The industrial flares subject to the outdated standards that are the focus of today’s lawsuit include flares at petrochemical facilities, gasoline terminals, natural gas processing plants, compressor stations, solid waste landfills, and other large industrial sites. These do not include flares at petroleum refineries, for which EPA updated standards in 2015, or flares at oil and gas wells, which have unique standards.
Using outdated standards, industrial flares can release large amounts of air pollution at the local level. For example.

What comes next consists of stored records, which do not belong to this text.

(* Every $\gamma_{\rm tg}$-critical graph is open twin-free.
   Context: A graph is open twin-free if it has no two distinct vertices $u,v$ with $N(u)=N(v)$. Total domination game on a graph without isolated vertices: Dominator and Staller alternately choose vertices, each chosen vertex must be adjacent to some vertex not yet totally dominated; the game ends when no legal move exists; Dominator minimizes, Staller maximizes the number of moves; $\gamma_{\rm tg}(G)$ is the number of moves in the Dominator-start game under optimal play. $G|v$ is $G$ with $v$ declared already totally dominated, with $\gamma_{\rm tg}(G|v)$ defined analogously. $G$ is $\gamma_{\rm tg}$-critical if $\gamma_{\rm tg}(G|v)<\gamma_{\rm tg}(G)$ for every vertex $v$. *)

theory Defs
  imports Main
begin

text \<open>A finite simple graph is given by a finite vertex set V and a symmetric,
irreflexive adjacency relation E; only edges between vertices of V matter.\<close>

definition simple_graph :: "'a set \<Rightarrow> ('a \<Rightarrow> 'a \<Rightarrow> bool) \<Rightarrow> bool" where
  "simple_graph V E \<longleftrightarrow> finite V \<and> (\<forall>u v. E u v \<longrightarrow> E v u) \<and> (\<forall>v. \<not> E v v)"

definition nbhd :: "'a set \<Rightarrow> ('a \<Rightarrow> 'a \<Rightarrow> bool) \<Rightarrow> 'a \<Rightarrow> 'a set" where
  "nbhd V E v = {u \<in> V. E v u}"

definition no_isolated :: "'a set \<Rightarrow> ('a \<Rightarrow> 'a \<Rightarrow> bool) \<Rightarrow> bool" where
  "no_isolated V E \<longleftrightarrow> (\<forall>v\<in>V. nbhd V E v \<noteq> {})"

definition open_twin_free :: "'a set \<Rightarrow> ('a \<Rightarrow> 'a \<Rightarrow> bool) \<Rightarrow> bool" where
  "open_twin_free V E \<longleftrightarrow> (\<forall>u\<in>V. \<forall>v\<in>V. u \<noteq> v \<longrightarrow> nbhd V E u \<noteq> nbhd V E v)"

text \<open>Game state: the set T of vertices already totally dominated.
A vertex v is a legal move iff it is adjacent to some vertex not yet totally dominated.\<close>
definition legal_moves :: "'a set \<Rightarrow> ('a \<Rightarrow> 'a \<Rightarrow> bool) \<Rightarrow> 'a set \<Rightarrow> 'a set" where
  "legal_moves V E T = {v \<in> V. \<exists>u \<in> nbhd V E v. u \<notin> T}"

text \<open>tg_value V E d T: number of remaining moves under optimal play from state T,
where d = True means Dominator (minimizer) is to move, d = False Staller (maximizer).\<close>
function tg_value :: "'a set \<Rightarrow> ('a \<Rightarrow> 'a \<Rightarrow> bool) \<Rightarrow> bool \<Rightarrow> 'a set \<Rightarrow> nat" where
  "tg_value V E d T =
     (if \<not> finite V \<or> legal_moves V E T = {} then 0
      else if d then Min ((\<lambda>v. Suc (tg_value V E False (T \<union> nbhd V E v))) ` legal_moves V E T)
      else Max ((\<lambda>v. Suc (tg_value V E True (T \<union> nbhd V E v))) ` legal_moves V E T))"
  by pat_completeness auto
termination
proof (relation "measure (\<lambda>(V, E, d, T). card (V - T))")
  show "wf (measure (\<lambda>(V, E, d, T). card (V - T)))" by simp
next
  fix V :: "'a set" and E d T v
  assume "\<not> (\<not> finite V \<or> legal_moves V E T = {})" "v \<in> legal_moves V E T"
  then obtain u where "finite V" "u \<in> nbhd V E v" "u \<notin> T"
    by (auto simp: legal_moves_def)
  then have "V - (T \<union> nbhd V E v) \<subset> V - T" by (auto simp: nbhd_def)
  then have "card (V - (T \<union> nbhd V E v)) < card (V - T)"
    using \<open>finite V\<close> by (meson finite_Diff psubset_card_mono)
  then show "((V, E, False, T \<union> nbhd V E v), V, E, d, T) \<in> measure (\<lambda>(V, E, d, T). card (V - T))"
    and "((V, E, True, T \<union> nbhd V E v), V, E, d, T) \<in> measure (\<lambda>(V, E, d, T). card (V - T))"
    by simp_all
qed

text \<open>Game total domination number (Dominator starts) of G and of G|v.\<close>
definition gamma_tg :: "'a set \<Rightarrow> ('a \<Rightarrow> 'a \<Rightarrow> bool) \<Rightarrow> nat" where
  "gamma_tg V E = tg_value V E True {}"

definition gamma_tg_pre :: "'a set \<Rightarrow> ('a \<Rightarrow> 'a \<Rightarrow> bool) \<Rightarrow> 'a \<Rightarrow> nat" where
  "gamma_tg_pre V E v = tg_value V E True {v}"

definition gamma_tg_critical :: "'a set \<Rightarrow> ('a \<Rightarrow> 'a \<Rightarrow> bool) \<Rightarrow> bool" where
  "gamma_tg_critical V E \<longleftrightarrow> (\<forall>v\<in>V. gamma_tg_pre V E v < gamma_tg V E)"

end

theory Submission
  imports Defs
begin

text \<open>If u and v are open twins, a vertex w totally dominates u exactly when it totally
dominates v. Declaring u dominated while v is still undominated therefore changes nothing:
every vertex adjacent to u is adjacent to the undominated v, so the legal moves stay the same,
and after any move w the two positions again differ at most in u, with u and v dominated
simultaneously. By induction along the game, G|u has the same value as G, so G is not critical.\<close>

declare tg_value.simps[simp del]

lemma twin_mem_nbhd_iff:
  assumes "symp E" "w \<in> V" "u \<in> V" "v \<in> V" "nbhd V E u = nbhd V E v"
  shows "u \<in> nbhd V E w \<longleftrightarrow> v \<in> nbhd V E w"
proof -
  have "u \<in> nbhd V E w \<longleftrightarrow> w \<in> nbhd V E u" "v \<in> nbhd V E w \<longleftrightarrow> w \<in> nbhd V E v"
    using assms by (auto simp: nbhd_def dest: sympD)
  then show ?thesis using assms(5) by simp
qed

lemma legal_moves_insert_twin:
  assumes "symp E" "u \<in> V" "v \<in> V" "u \<noteq> v" "nbhd V E u = nbhd V E v" "v \<notin> T"
  shows "legal_moves V E (insert u T) = legal_moves V E T"
proof
  show "legal_moves V E T \<subseteq> legal_moves V E (insert u T)"
  proof
    fix w assume "w \<in> legal_moves V E T"
    then obtain x where w: "w \<in> V" and x: "x \<in> nbhd V E w" "x \<notin> T"
      unfolding legal_moves_def by blast
    show "w \<in> legal_moves V E (insert u T)"
    proof (cases "x = u")
      case True
      then have "v \<in> nbhd V E w" using twin_mem_nbhd_iff[OF assms(1) w assms(2,3,5)] x by simp
      then show ?thesis using w assms(4,6) by (auto simp: legal_moves_def)
    next
      case False
      then show ?thesis using w x unfolding legal_moves_def by blast
    qed
  qed
qed (auto simp: legal_moves_def)

lemma tg_value_insert_twin:
  assumes "symp E" "u \<in> V" "v \<in> V" "u \<noteq> v" "nbhd V E u = nbhd V E v"
    and "u \<in> T \<longleftrightarrow> v \<in> T"
  shows "tg_value V E d (insert u T) = tg_value V E d T"
  using assms
proof (induction V E d T rule: tg_value.induct)
  case (1 V E d T)
  show ?case
  proof (cases "u \<in> T")
    case True
    then show ?thesis by (simp add: insert_absorb)
  next
    case False
    then have legal: "legal_moves V E (insert u T) = legal_moves V E T"
      using legal_moves_insert_twin[of E u V v T] "1.prems" by simp
    show ?thesis
    proof (cases "\<not> finite V \<or> legal_moves V E T = {}")
      case True
      then show ?thesis by (subst (1 2) tg_value.simps) (simp add: legal)
    next
      case stop: False
      have succ: "tg_value V E (\<not> d) (insert u T \<union> nbhd V E w) = tg_value V E (\<not> d) (T \<union> nbhd V E w)"
        if w: "w \<in> legal_moves V E T" for w
      proof -
        have "w \<in> V" using w by (simp add: legal_moves_def)
        then have "u \<in> T \<union> nbhd V E w \<longleftrightarrow> v \<in> T \<union> nbhd V E w"
          using twin_mem_nbhd_iff[of E w V u v] "1.prems" by simp
        then show ?thesis using "1.IH"[OF stop _ w] "1.prems"(1-5) by (cases d) auto
      qed
      then have "(\<lambda>w. Suc (tg_value V E (\<not> d) (insert u T \<union> nbhd V E w))) ` legal_moves V E T
          = (\<lambda>w. Suc (tg_value V E (\<not> d) (T \<union> nbhd V E w))) ` legal_moves V E T"
        by simp
      then show ?thesis
        using stop legal
        by (cases d) (simp_all add: tg_value.simps[of V E _ T] tg_value.simps[of V E _ "insert u T"])
    qed
  qed
qed

theorem corollary4p3:
  fixes V :: "'a set" and E :: "'a \<Rightarrow> 'a \<Rightarrow> bool"
  assumes "simple_graph V E" and "no_isolated V E" and "gamma_tg_critical V E"
  shows "open_twin_free V E"
  unfolding open_twin_free_def
proof (intro ballI impI notI)
  fix u v assume twins: "u \<in> V" "v \<in> V" "u \<noteq> v" "nbhd V E u = nbhd V E v"
  have "symp E" using assms(1) by (simp add: simple_graph_def symp_def)
  then have "gamma_tg_pre V E u = gamma_tg V E"
    using tg_value_insert_twin[of E u V v "{}"] twins by (simp add: gamma_tg_pre_def gamma_tg_def)
  then show False using assms(3) twins(1) by (auto simp: gamma_tg_critical_def)
qed

end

For example, in Texas’s Permian Basin, flares from a gas processing plant owned by Oxy USA LLC’s in Gaines County, reported emissions of 136 tons of volatile organic compounds (VOCs) in 2017, according to the Texas Commission on Environmental Quality.
Quotes from Environmental Organizations:
Environment Texas: “In our Clean Air Act lawsuit against ExxonMobil, an expert on industrial flares testified at trial that illegal flaring emissions from the company’s Baytown petrochemical complex were probably three to four times higher than the amounts ExxonMobil reported — and that testimony went completely unrebutted,” said Luke Metzger, Executive Director of Environment Texas. “These hidden impacts on surrounding communities are significant, as the reported violations alone already totaled 10 million pounds of harmful chemicals.”

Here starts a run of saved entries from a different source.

text \<open>f(H1,H2): minimum order of an (H1,H2)-full graph (graphs on vertices of type nat,
which is no loss of generality for finite graphs).\<close>
definition f_full ::
  "'b set \<Rightarrow> ('b \<Rightarrow> 'b \<Rightarrow> bool) \<Rightarrow> 'c set \<Rightarrow> ('c \<Rightarrow> 'c \<Rightarrow> bool) \<Rightarrow> nat" where
  "f_full W1 F1 W2 F2 = (LEAST k. \<exists>(V::nat set) E.
      simple_graph V E \<and> is_full V E W1 F1 W2 F2 \<and> card V = k)"

text \<open>Star S_m = K_{1,m-1} on {0..<m}, centre 0.\<close>
definition star_V :: "nat \<Rightarrow> nat set" where "star_V m = {0..<m}"
definition star_E :: "nat \<Rightarrow> nat \<Rightarrow> nat \<Rightarrow> bool" where
  "star_E m x y \<longleftrightarrow> x < m \<and> y < m \<and> x \<noteq> y \<and> (x = 0 \<or> y = 0)"

definition empty_V :: "nat \<Rightarrow> nat set" where "empty_V n = {0..<n}"
definition empty_E :: "nat \<Rightarrow> nat \<Rightarrow> bool" where "empty_E x y \<longleftrightarrow> False"

end

theory Submission
  imports Defs
begin

(*
  Let G be an (S_m, co-K_n)-full graph on N vertices. Take a star of G with centre c and
  leaf set L, and an independent n-set K through c; then L lies outside K, and s = N - n
  vertices lie outside K. Let d be the largest number of neighbours in K of a vertex outside K;
  d >= 1 because of the leaves.

  If 2m - 2 - d <= s, take an independent n-set J through an outside vertex with d neighbours
  in K. Those neighbours lie in K - J, so t = |K - J| >= d, and every vertex of K \<inter> J has a
  neighbour outside K \<union> J. Hence n - t <= (s - t) d, which with t >= d gives n <= d (s + 1 - d).

  Otherwise d + s < 2(m - 1), and then a star through a vertex y of K either has y as its centre
  (so deg y >= m - 1) or has its centre outside K \<union> L: a centre in L would force m - 1 leaves
  into the d + (s - m + 1) available places. Double counting the edges between K and its
  complement bounds the number of high-degree vertices of K, which gives n <= d' (s + 1 - d')
  for d' = 2(m - 1) - s.

  In both cases some d >= 1 satisfies d - 1 + ceil (n / d) <= s and 2m - 2 - d <= s.
*)

definition indep_set :: "('a \<Rightarrow> 'a \<Rightarrow> bool) \<Rightarrow> 'a set \<Rightarrow> bool" where
  "indep_set E S \<longleftrightarrow> (\<forall>x\<in>S. \<forall>y\<in>S. \<not> E x y)"

definition neighbours :: "('a \<Rightarrow> 'a \<Rightarrow> bool) \<Rightarrow> 'a \<Rightarrow> 'a set" where
  "neighbours E v = {u. E v u}"

lemma card_UN_neighbours_Int_le:
  assumes "finite A" and "\<And>z. z \<in> A \<Longrightarrow> card (neighbours E z \<inter> K) \<le> d"
  shows "card (\<Union>z\<in>A. neighbours E z \<inter> K) \<le> card A * d"
proof -
  have "card (\<Union>z\<in>A. neighbours E z \<inter> K) \<le> (\<Sum>z\<in>A. card (neighbours E z \<inter> K))"
    using assms(1) by (rule card_UN_le)
  also have "\<dots> \<le> card A * d"
    using assms(2) sum_bounded_above[of A "\<lambda>z. card (neighbours E z \<inter> K)" d] by simp
  finally show ?thesis .
qed

lemma sum_card_neighbours_indep_set:
  assumes "finite V" and E_in_V: "\<And>x y. E x y \<Longrightarrow> x \<in> V \<and> y \<in> V"
    and E_sym: "\<And>x y. E x y \<Longrightarrow> E y x"
    and "K \<subseteq> V" and K_indep: "indep_set E K"
  shows "(\<Sum>y\<in>K. card (neighbours E y)) = (\<Sum>z\<in>V - K. card (neighbours E z \<inter> K))"
proof -
  have fin: "finite K" "finite (V - K)"
    using assms(1,4) finite_subset by auto
  have "(\<Sum>y\<in>K. card (neighbours E y)) = (\<Sum>y\<in>K. \<Sum>z\<in>V - K. if E y z then 1 else 0)"
  proof (rule sum.cong[OF refl])
    fix y assume "y \<in> K"
    then have "neighbours E y = {z \<in> V - K. E y z}"
      using E_in_V K_indep unfolding neighbours_def indep_set_def by blast
    then show "card (neighbours E y) = (\<Sum>z\<in>V - K. if E y z then 1 else 0)"
      using sum.inter_filter[OF fin(2), of "\<lambda>_. 1::nat" "E y"] by simp
  qed
  also have "\<dots> = (\<Sum>z\<in>V - K. \<Sum>y\<in>K. if E y z then 1 else 0)"
    by (rule sum.swap)
  also have "\<dots> = (\<Sum>z\<in>V - K. card (neighbours E z \<inter> K))"
  proof (rule sum.cong[OF refl])
    fix z
    have "neighbours E z \<inter> K = {y \<in> K. E y z}"
      using E_sym unfolding neighbours_def by blast
    then show "(\<Sum>y\<in>K. if E y z then 1 else 0) = card (neighbours E z \<inter> K)"
      using sum.inter_filter[OF fin(1), of "\<lambda>_. 1::nat" "\<lambda>y. E y z"] by simp
  qed
  finally show ?thesis .
qed

lemma star_centres_arith:
  fixes M k d c n :: int
  assumes "1 \<le> M" "0 \<le> k" "0 \<le> d" "d + k < M"
    and covered: "n \<le> c + k * d" and counted: "M * c \<le> (M + k) * d"
  shows "n \<le> (M - k) * (2 * k + 1)"
proof -
  have "M * n \<le> M * c + M * (k * d)"
    using mult_left_mono[OF covered, of M] \<open>1 \<le> M\<close> by (simp add: algebra_simps)
  also have "\<dots> \<le> d * (M + k + M * k)"
    using counted by (simp add: algebra_simps)
  also have "\<dots> \<le> d * (M * (2 * k + 1))"
    using mult_right_mono[of 1 M k] assms(1-3) by (intro mult_left_mono) (auto simp: algebra_simps)
  also have "\<dots> \<le> (M - k) * (M * (2 * k + 1))"
    using assms(1-4) by (intro mult_right_mono) auto
  finally have "M * n \<le> M * ((M - k) * (2 * k + 1))"
    by (simp add: algebra_simps)
  then show ?thesis
    using \<open>1 \<le> M\<close> by simp
qed

definition admissible_degree :: "nat \<Rightarrow> nat \<Rightarrow> int \<Rightarrow> int \<Rightarrow> bool" where
  "admissible_degree m n s d \<longleftrightarrow> 1 \<le> d \<and> int n \<le> d * (s + 1 - d) \<and> 2 * int m - 2 - d \<le> s"

lemma INF_le_of_admissible_degree:
  assumes "admissible_degree m n s d"
  shows "(INF d\<in>{1::int..}. max (d - 1 + \<lceil>real n / real_of_int d\<rceil>) (2 * int m - 2 - d)) \<le> s"
proof -
  have "1 \<le> d" and "int n \<le> d * (s + 1 - d)" and "2 * int m - 2 - d \<le> s"
    using assms unfolding admissible_degree_def by auto
  define F where "F d = max (d - 1 + \<lceil>real n / real_of_int d\<rceil>) (2 * int m - 2 - d)" for d :: int
  have bdd: "bdd_below (F ` {1..})"
  proof (rule bdd_belowI2)
    fix x :: int assume "x \<in> {1..}"
    moreover have "0 \<le> real n / real_of_int x"
      using \<open>x \<in> {1..}\<close> by simp
    then have "0 \<le> \<lceil>real n / real_of_int x\<rceil>"
      by simp
    ultimately show "0 \<le> F x"
      unfolding F_def by (simp add: max.coboundedI1)
  qed
  have "real n \<le> real_of_int (d * (s + 1 - d))"
    using \<open>int n \<le> d * (s + 1 - d)\<close> by (metis of_int_le_iff of_int_of_nat_eq)
  then have "real n / real_of_int d \<le> real_of_int (s + 1 - d)"
    using \<open>1 \<le> d\<close> by (simp add: pos_divide_le_eq mult.commute)
  then have "\<lceil>real n / real_of_int d\<rceil> \<le> s + 1 - d"
    by (simp only: ceiling_le_iff)
  then have "F d \<le> s"
    using \<open>2 * int m - 2 - d \<le> s\<close> unfolding F_def by simp
  then show ?thesis
    unfolding F_def[symmetric] using bdd \<open>1 \<le> d\<close> by (meson atLeast_iff cInf_lower image_eqI order_trans)
qed

lemma in_induced_copy_empty_VD:
  assumes "in_induced_copy V E (empty_V n) empty_E v"
  shows "\<exists>S\<subseteq>V. v \<in> S \<and> card S = n \<and> indep_set E S"
proof -
  from assms obtain \<phi> S where S: "S \<subseteq> V" "v \<in> S" and bij: "bij_betw \<phi> {0..<n} S"
    and no_edge: "\<forall>x\<in>{0..<n}. \<forall>y\<in>{0..<n}. \<not> E (\<phi> x) (\<phi> y)"
    unfolding in_induced_copy_def empty_V_def empty_E_def by auto
  have "card S = n"
    using bij_betw_same_card[OF bij] by simp
  moreover have "indep_set E S"
    using no_edge bij_betw_imp_surj_on[OF bij] unfolding indep_set_def by blast
  ultimately show ?thesis
    using S by blast
qed

lemma in_induced_copy_star_VD:
  assumes "in_induced_copy V E (star_V m) (star_E m) v"
  shows "\<exists>c L. c \<in> V \<and> L \<subseteq> V \<and> card L = m - 1 \<and> (\<forall>l\<in>L. E c l) \<and> indep_set E L
           \<and> (v = c \<or> v \<in> L)"
proof -
  from assms obtain \<phi> S where S: "S \<subseteq> V" "v \<in> S" and bij: "bij_betw \<phi> {0..<m} S"
    and edges: "\<forall>x\<in>{0..<m}. \<forall>y\<in>{0..<m}. star_E m x y \<longleftrightarrow> E (\<phi> x) (\<phi> y)"
    unfolding in_induced_copy_def star_V_def by auto
  have inj: "inj_on \<phi> {0..<m}" and img: "\<phi> ` {0..<m} = S"
    using bij by (auto simp: bij_betw_def)
  have m_pos: "0 < m"
    using S(2) img by auto
  define L where "L = \<phi> ` {1..<m}"
  have "card L = m - 1"
    unfolding L_def by (subst card_image) (auto intro: inj_on_subset[OF inj])
  moreover have "\<forall>l\<in>L. E (\<phi> 0) l"
    using edges m_pos unfolding L_def star_E_def by force
  moreover have "indep_set E L"
    unfolding indep_set_def
  proof (intro ballI)
    fix x y assume "x \<in> L" "y \<in> L"
    then obtain i j where "i \<in> {1..<m}" "j \<in> {1..<m}" "x = \<phi> i" "y = \<phi> j"
      unfolding L_def by blast
    moreover have "\<not> star_E m i j"
      using \<open>i \<in> {1..<m}\<close> \<open>j \<in> {1..<m}\<close> by (simp add: star_E_def)
    ultimately show "\<not> E x y"
      using edges by auto
  qed
  moreover have "\<phi> 0 \<in> V" "L \<subseteq> V"
    using S img m_pos unfolding L_def by auto
  moreover have "v = \<phi> 0 \<or> v \<in> L"
  proof -
    obtain i where "i < m" "v = \<phi> i"
      using S(2) img by auto
    then show ?thesis
      unfolding L_def by (cases "i = 0") (auto intro: bexI[of _ i])
  qed
  ultimately show ?thesis
    by blast
qed

locale star_indep_full =
  fixes V :: "'a set" and E :: "'a \<Rightarrow> 'a \<Rightarrow> bool" and m n :: nat
  assumes finite_V: "finite V" and V_nonempty: "V \<noteq> {}"
    and E_in_V: "\<And>x y. E x y \<Longrightarrow> x \<in> V \<and> y \<in> V"
    and E_sym: "\<And>x y. E x y \<Longrightarrow> E y x"
    and two_le_m: "2 \<le> m"
    and indep_set_through: "\<And>v. v \<in> V \<Longrightarrow> \<exists>S\<subseteq>V. v \<in> S \<and> card S = n \<and> indep_set E S"
    and star_through: "\<And>v. v \<in> V \<Longrightarrow> \<exists>c L. c \<in> V \<and> L \<subseteq> V \<and> card L = m - 1
          \<and> (\<forall>l\<in>L. E c l) \<and> indep_set E L \<and> (v = c \<or> v \<in> L)"

lemma full_graph_star_indep_full:
  assumes "simple_graph V E" and "is_full V E (star_V m) (star_E m) (empty_V n) empty_E"
    and "2 \<le> m"
  shows "star_indep_full V E m n"
proof
  show "finite V" "V \<noteq> {}" "\<And>x y. E x y \<Longrightarrow> x \<in> V \<and> y \<in> V" "\<And>x y. E x y \<Longrightarrow> E y x"
    using assms(1) unfolding simple_graph_def by auto
  show "2 \<le> m"
    by (fact assms(3))
  fix v assume "v \<in> V"
  then have indep_copy: "in_induced_copy V E (empty_V n) empty_E v"
    and star_copy: "in_induced_copy V E (star_V m) (star_E m) v"
    using assms(2) unfolding is_full_def by auto
  show "\<exists>S\<subseteq>V. v \<in> S \<and> card S = n \<and> indep_set E S"
    using indep_copy by (rule in_induced_copy_empty_VD)
  show "\<exists>c L. c \<in> V \<and> L \<subseteq> V \<and> card L = m - 1 \<and> (\<forall>l\<in>L. E c l) \<and> indep_set E L
          \<and> (v = c \<or> v \<in> L)"
    using star_copy by (rule in_induced_copy_star_VD)
qed

context star_indep_full
begin

lemma finite_neighbours: "finite (neighbours E v)"
  using finite_subset[of "neighbours E v" V] E_in_V finite_V unfolding neighbours_def by auto

lemma neighbour_exists:
  assumes "v \<in> V"
  shows "\<exists>u. E v u"
proof -
  obtain c L where "card L = m - 1" "\<forall>l\<in>L. E c l" "v = c \<or> v \<in> L"
    using star_through[OF assms] by blast
  moreover have "L \<noteq> {}"
    using \<open>card L = m - 1\<close> two_le_m by auto
  ultimately show ?thesis
    using E_sym by blast
qed

lemma card_indep_sets_Int_le:
  assumes K: "K \<subseteq> V" "indep_set E K" and J: "J \<subseteq> V" "indep_set E J"
    and deg_le: "\<And>z. z \<in> V - K \<Longrightarrow> card (neighbours E z \<inter> K) \<le> d"
  shows "card (K \<inter> J) \<le> card ((V - K) - J) * d"
proof -
  have "K \<inter> J \<subseteq> (\<Union>z\<in>(V - K) - J. neighbours E z \<inter> K)"
  proof
    fix y assume y: "y \<in> K \<inter> J"
    then obtain z where "E y z"
      using neighbour_exists K(1) by blast
    then have "z \<in> (V - K) - J" "y \<in> neighbours E z \<inter> K"
      using y E_in_V E_sym K(2) J(2) unfolding indep_set_def neighbours_def by blast+
    then show "y \<in> (\<Union>z\<in>(V - K) - J. neighbours E z \<inter> K)"
      by blast
  qed
  then have "card (K \<inter> J) \<le> card (\<Union>z\<in>(V - K) - J. neighbours E z \<inter> K)"
    using finite_subset[OF K(1) finite_V] by (intro card_mono) (auto intro: finite_subset[of _ K])
  also have "\<dots> \<le> card ((V - K) - J) * d"
    using deg_le finite_V by (intro card_UN_neighbours_Int_le) auto
  finally show ?thesis .
qed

PennEnvironment: “While many people may look back fondly and love the 80s, we’d all agree that technology and the things we know about air pollution have dramatically improved over the past three decades,” said PennEnvironment Executive Director David Masur. “Health based standards from the 80s are in no way acceptable for protecting public health, our communities and our environment today.”
Chesapeake Climate Action Network: “For too long, fossil fuel companies have been allowed to emit dangerous levels of pollution at industrial facilities that are all too often located in minority communities,” said Anne Havemann, General Counsel at the Chesapeake Climate Action Network. “Virtually unchecked industrial flaring at these facilities harms the climate, health, and justice, and the EPA must fix its illegally outdated rules as soon as possible.”
Hoosier Environmental Council: “With a ranking of 43rd in air quality, 41st in health outcomes, and 19th in COVID-19 deaths per capita, there is a great urgency in Indiana to strengthen air quality protections to reduce harm to an already vulnerable population,” said Jesse Kharbanda, Executive Director of the Hoosier Environmental Council. “We urge the EPA to revise the badly out-of-date flare standards; revisions would improve air quality in at least five of six regions of Indiana.”
Texas Campaign for the Environment: “Industrial flares light up the skies with toxic pollution near the homes, schools and workplaces of many Texans,” said Robin Schneider, Executive Director of Texas Campaign for the Environment. “People rightly fear for the health of their families and neighbors, particularly overburdened communities of color,” said Robin Schneider, Executive Director of Texas Campaign for the Environment.
Earthworks: “The EPA has neglected to properly review the harmful effects of flaring on the health of nearby residents for decades,” said Aaron Mintzes, Senior Policy Counsel for Earthworks. “Optical gas images (OGI) documented in the field show improperly combusting flares and reveal the urgent need for the EPA review this litigation seeks.”